MMMMM----- Recipe via Meal-Master (tm) v8.06

     Title: Slow-Roasted Turkey w/Apple Gravy
Categories: Poultry, Herbs, Fruits, Vegetables, Chilies
     Yield: 10 Servings

MMMMM---------------------------BRINE--------------------------------
     8    Fresh bay leaves
 2 1/2 qt Buttermilk
   1/2 c  Granulated sugar
   1/2 c  Coarse sea salt
     1 tb Black peppercorns; toasted,
          - ground
 1 1/2 ts Ground cayenne
    14 lb Fresh or thawed whole
          - turkey; neck/giblets out

MMMMM---------------------------TURKEY--------------------------------
    20    Fresh bay leaves
     3 sm Fuji or Honeycrisp apples;
          - cored, in wedges
     2 sm Granny Smith apples; cored,
          - in wedges
     2 sm Fennel bulbs; sliced
     1 md Red onion; sliced
     1 md Yellow onion; sliced
     1 sm Bunch thyme
    10 sl Fresh ginger
    12 cl Garlic; sliced
     1    Orange; in 1" wedges
          Coarse sea salt
 1 1/2 tb Black peppercorns; toasted,
          - more toasted and ground
          - for seasoning
     1    Lemon; quartered
          Extra-virgin olive oil

MMMMM---------------------------GRAVY--------------------------------
   1/2 c  Unsalted butter
   1/4 c  A-P flour
     2 tb Brandy
          Salt & pepper

 BRINE THE TURKEY: Tear the bay leaves to release their natural oils.
 Place in a large bowl with the buttermilk, sugar, salt, black pepper
 and cayenne, and stir to dissolve the sugar. Place the turkey in a
 brining bag or clean unscented garbage bag, pour in the buttermilk
 mixture and tightly tie the bag closed. Place in a pot or bowl that
 holds it snugly, making sure the legs are fully immersed in the
 brine, and refrigerate for at least 48 hours and up to 72 hours.
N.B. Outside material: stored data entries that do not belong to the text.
(* Let $f\in\{0,1\}^n$ have a $2$-tilde-error overlap of shift $r$ with error positions $i<j$ and operations $O_i,O_j$. Let $\tilde\beta_r(f)=\mathrm{pre}_r(f)\,O_j(f)$. Then $\tilde\beta_r(f)$ is not $f$-free if and only if the $2$-tilde-error overlap satisfies Condition$^\sim$. Here Condition$^\sim$ means: the overlap is of type RR or SS, $r$ is even, $j-i=r/2$, and $f[i..(i+r/2-1)]=f[j..(j+r/2-1)]$.
   Context: Words are over $\{0,1\}$. For $w$ of length $n$: $w[k]$ is its $k$-th symbol, $w[a..b]$ is the factor from position $a$ to $b$, $\mathrm{pre}_l(w)=w[1..l]$ and $\mathrm{suf}_l(w)=w[n-l+1..n]$. A word is $f$-free if it does not contain $f$ as a factor. Operations: the replacement $R_i$ flips the symbol at position $i$. The swap $S_i$ is defined when $w[i]\ne w[i+1]$ and exchanges these two symbols. $\mathrm{dist}_\sim(u,v)$ is the minimum number of replacements and swaps transforming $u$ into the equal-length word $v$. A tilde-transformation is minimal if it uses exactly $\mathrm{dist}_\sim$ operations and modifies each position at most once. $f$ has a $2$-tilde-error overlap of length $l=n-r$ (with $1\le l\le n-1$; $r$ is the shift) if $\mathrm{dist}_\sim(\mathrm{pre}_l(f),\mathrm{suf}_l(f))=2$. In that case fix a minimal tilde-transformation from $\mathrm{pre}_l(f)$ to $\mathrm{suf}_l(f)$. It consists of two operations $O_i\in\{R_i,S_i\}$ and $O_j\in\{R_j,S_j\}$ at positions $i<j$ (the error positions). The words $O_i(f)$ and $O_j(f)$ are obtained by applying these operations to $f$ at the same positions. The type is RR, SR, RS or SS according to whether $(O_i,O_j)$ is (replacement, replacement), (swap, replacement), (replacement, swap) or (swap, swap). *)

theory Defs
  imports Main "HOL-Library.Sublist"
begin

text \<open>Binary words are bool lists; positions are 1-indexed as in the paper:
  w[k] = w ! (k - 1).\<close>

datatype tilde_op = Rep nat | Swp nat

fun op_pos :: "tilde_op \<Rightarrow> nat" where
  "op_pos (Rep i) = i"
| "op_pos (Swp i) = i"

fun is_rep :: "tilde_op \<Rightarrow> bool" where
  "is_rep (Rep _) = True"
| "is_rep (Swp _) = False"

fun is_swp :: "tilde_op \<Rightarrow> bool" where
  "is_swp (Rep _) = False"
| "is_swp (Swp _) = True"

fun touched :: "tilde_op \<Rightarrow> nat set" where
  "touched (Rep i) = {i}"
| "touched (Swp i) = {i, Suc i}"

fun op_defined :: "bool list \<Rightarrow> tilde_op \<Rightarrow> bool" where
  "op_defined w (Rep i) = (1 \<le> i \<and> i \<le> length w)"
| "op_defined w (Swp i) = (1 \<le> i \<and> i + 1 \<le> length w \<and> w ! (i - 1) \<noteq> w ! i)"

fun apply_op :: "bool list \<Rightarrow> tilde_op \<Rightarrow> bool list" where
  "apply_op w (Rep i) = w[i - 1 := \<not> w ! (i - 1)]"
| "apply_op w (Swp i) = w[i - 1 := w ! i, i := w ! (i - 1)]"

definition tilde_step :: "bool list \<Rightarrow> bool list \<Rightarrow> bool" where
  "tilde_step u v \<longleftrightarrow> (\<exists>op. op_defined u op \<and> v = apply_op u op)"

definition dist_tilde :: "bool list \<Rightarrow> bool list \<Rightarrow> nat" where
  "dist_tilde u v = (LEAST k. (tilde_step ^^ k) u v)"

fun apply_seq :: "bool list \<Rightarrow> tilde_op list \<Rightarrow> bool list \<Rightarrow> bool" where
  "apply_seq u [] v = (u = v)"
| "apply_seq u (op # os) v = (op_defined u op \<and> apply_seq (apply_op u op) os v)"

definition minimal_tilde_transf :: "bool list \<Rightarrow> bool list \<Rightarrow> tilde_op list \<Rightarrow> bool" where
  "minimal_tilde_transf u v ops \<longleftrightarrow>
     length ops = dist_tilde u v \<and> apply_seq u ops v \<and>
     (\<forall>a < length ops. \<forall>b < length ops. a \<noteq> b \<longrightarrow> touched (ops ! a) \<inter> touched (ops ! b) = {})"

definition pre :: "nat \<Rightarrow> bool list \<Rightarrow> bool list" where
  "pre l w = take l w"

definition suf :: "nat \<Rightarrow> bool list \<Rightarrow> bool list" where
  "suf l w = drop (length w - l) w"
 MAKE THE TURKEY: Position a rack at the bottom of the oven and heat
 oven (not convection) to 450ºF/232ºC. Tear the bay leaves to release
 their natural oils. Spread the apples, fennel, onions, 12 bay leaves
 and half of the thyme, ginger, garlic and orange across the bottom of
 a large roasting pan. Sprinkle with salt and the whole peppercorns.

 Drain the turkey and wipe dry. (Discard the brine.) Place the turkey
 in the pan breast side up, and rub its cavity with salt and ground
 pepper. Stuff the cavity with the lemon and the remaining bay leaves,
 thyme, ginger, garlic and orange. Tuck the wings underneath and tie
 the legs together with kitchen twine. Sprinkle the turkey with salt
 and ground pepper, and drizzle everything with oil. Drizzle more oil
 all over the turkey and rub to generously and evenly coat the skin.
 Transfer to the oven and roast until browned in spots all over but
 not burned, 20 to 40 minutes. (Ovens vary widely in how quickly they
 brown such a large bird, so start checking at 20 minutes and keep
 going until it’s spotted all over.)

 Pour 2 c water in the pan, cover turkey w/foil & loosely crimp around
 the edges of the pan. Reduce oven temp to 300ºF/150ºC and slide the
 pan back into the oven. Slow-roast until the turkey is almost cooked
 through, about 4 hours.

 Uncover, baste all over with the pan juices and roast uncovered until
 the skin is more evenly browned, 30 to 45 minutes. Let cool slightly
 in the pan, then transfer the turkey to a serving platter.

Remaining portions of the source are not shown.